- **Supplied information**
lemma hsmall_fold_in_carrier:
  assumes zf: "zf_universe elts" and alg: "is_alg elts A B Y t"
    and "hsmall elts A B x"
  shows "hsmall_fold elts A B t x \<in> elts Y"
  using assms(3)
proof (induction rule: hsmall.induct)
  case (1 x)
  obtain a f where w: "small_witness elts A B x = (a, f)"
    by fastforce
  note a = small_witness(1)[OF 1(1) w] and f = small_witness(2)[OF 1(1) w]
  have "compose (elts (B a)) (hsmall_fold elts A B t) f \<in> elts (B a) \<rightarrow>\<^sub>E elts Y"
    using f 1(3) by (auto simp: compose_def)
  then have "t a (compose (elts (B a)) (hsmall_fold elts A B t) f) \<in> elts Y"
    using alg a unfolding is_alg_def by blast
  moreover have "hsmall elts A B x"
    using 1 by (blast intro: hsmall.intros)
  ultimately show ?case
    using w by (simp add: hsmall_fold_eq[OF zf])
qed

lemma is_hom_hsmall_fold:
  fixes elts :: "'v \<Rightarrow> 'v set" and A :: 'v and B :: "'v \<Rightarrow> 'v"
  defines "S \<equiv> SIGMA a:elts A. Pow (elts (B a))"
  assumes zf: "zf_universe elts" and H: "elts H = Collect (hsmall elts A B)"
    and alg: "is_alg elts A B Y t"
    and sat: "satisfies_all elts B Y t S (all_ip_equations elts A B S)"
  shows "is_hom elts A B H (img_struct elts B) Y t (hsmall_fold elts A B t)"
  unfolding is_hom_def
proof (intro conjI ballI)
  show "hsmall_fold elts A B t \<in> elts H \<rightarrow>\<^sub>E elts Y"
    using H hsmall_fold_in_carrier[OF zf alg] hsmall_fold_eq[OF zf] by auto
next
  fix a f
  assume a: "a \<in> elts A" and f: "f \<in> elts (B a) \<rightarrow>\<^sub>E elts H"
  let ?x = "img_struct elts B a f"
  have x: "hsmall elts A B ?x"
    using hsmall_img_struct[OF zf a] f H by auto
  have elts_x: "elts ?x = f ` elts (B a)"
    by (rule elts_img_struct[OF zf])
  obtain b f' where w: "small_witness elts A B ?x = (b, f')"
    by fastforce
  note b = small_witness(1)[OF hsmall_small_rel[OF x] w]
    and f' = small_witness(2,3)[OF hsmall_small_rel[OF x] w]
  have "hsmall_fold elts A B t ?x = t b (compose (elts (B b)) (hsmall_fold elts A B t) f')"
    using x w by (simp add: hsmall_fold_eq[OF zf])
  also have "\<dots> = t a (compose (elts (B a)) (hsmall_fold elts A B t) f)"
  proof (rule satisfies_ip_equations_image_invariant[OF alg sat[unfolded S_def] b a f'])
    show "f \<in> elts (B a) \<rightarrow> elts ?x" and "f ` elts (B a) = elts ?x"
      using elts_x by auto
    show "hsmall_fold elts A B t \<in> elts ?x \<rightarrow> elts Y"
      using hsmall_fold_in_carrier[OF zf alg] hsmall_elts[OF x] by blast
  qed
  finally show "hsmall_fold elts A B t ?x = t a (compose (elts (B a)) (hsmall_fold elts A B t) f)" .
qed
(* Let $u^1,u^2\in\mathcal U_2$ and $u:=u^1\oplus_cu^2$. Then $u\in\mathcal U_2$ and, with $f=f(t,c,x)\in(0,c)$ the function determined by $u_c(t,c,x)=u^1_c(t,f,x)=u^2_c(t,c-f,x)$, $$\frac{u_c}{u_{cc}}(t,c,x)=\frac{u^1_c}{u^1_{cc}}(t,f,x)+\frac{u^2_c}{u^2_{cc}}(t,c-f,x),\qquad \frac{u_{cx^i}}{u_{cc}}(t,c,x)=\frac{u^1_{cx^i}}{u^1_{cc}}(t,f,x)+\frac{u^2_{cx^i}}{u^2_{cc}}(t,c-f,x).$$
   Context: A function on $(0,\infty)$ satisfies the Inada conditions if it is strictly concave, strictly increasing and continuously differentiable on $(0,\infty)$ with derivative tending to $\infty$ at $0$ and to $0$ at $\infty$. $\mathcal U_1$ is the family of measurable real functions $u=u(t,c,x)$ on $[0,1]\times(0,\infty)\times\mathbb R^d$ such that $u(t,\cdot,x)$ satisfies the Inada conditions for each $(t,x)$ and, for some $N=N(u)>0$, $|u(t,e^y,x)|\le e^{N(1+|x|+|y|)}$ for all $(t,x,y)$. $\mathcal U_2$ is the family of $u\in\mathcal U_1$ such that $u_{cc}$ and $u_{cx^i}$ ($i=1,\dots,d$) exist and are continuous in $(c,x)$, $u_{cc}<0$, and for some $N>0$, $-cu_{cc}/u_c+|u_{cx^i}|/u_c\le N$ on $[0,1]\times(0,\infty)\times\mathbb R^d$. The sup-convolution is $(u^1\oplus_cu^2)(t,c,x):=\sup\{u^1(t,c_1,x)+u^2(t,c_2,x):c_1,c_2>0,\ c_1+c_2=c\}$. *)

theory Defs
  imports "HOL-Analysis.Analysis"
begin

definition strictly_concave_on :: "real set \<Rightarrow> (real \<Rightarrow> real) \<Rightarrow> bool" where
  "strictly_concave_on S g \<longleftrightarrow>
     (\<forall>a\<in>S. \<forall>b\<in>S. \<forall>\<theta>::real. a \<noteq> b \<longrightarrow> 0 < \<theta> \<longrightarrow> \<theta> < 1 \<longrightarrow>
        \<theta> * g a + (1 - \<theta>) * g b < g (\<theta> * a + (1 - \<theta>) * b))"

definition inada :: "(real \<Rightarrow> real) \<Rightarrow> bool" where
  "inada g \<longleftrightarrow>
     strictly_concave_on {0<..} g \<and>
     strict_mono_on {0<..} g \<and>
     (\<forall>c>0. g differentiable (at c)) \<and>
     continuous_on {0<..} (deriv g) \<and>
     filterlim (deriv g) at_top (at_right 0) \<and>
     ((deriv g) \<longlongrightarrow> 0) at_top"

definition u_c :: "(real \<Rightarrow> real \<Rightarrow> real^'d \<Rightarrow> real) \<Rightarrow> real \<Rightarrow> real \<Rightarrow> real^'d \<Rightarrow> real" where
  "u_c u t c x = deriv (\<lambda>c'. u t c' x) c"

- **Required action**
In the records above, find the lines containing "obtain" and copy them.

- **Answer to the exercise**
  obtain a f where w: "small_witness elts A B x = (a, f)"
  obtain b f' where w: "small_witness elts A B ?x = (b, f')"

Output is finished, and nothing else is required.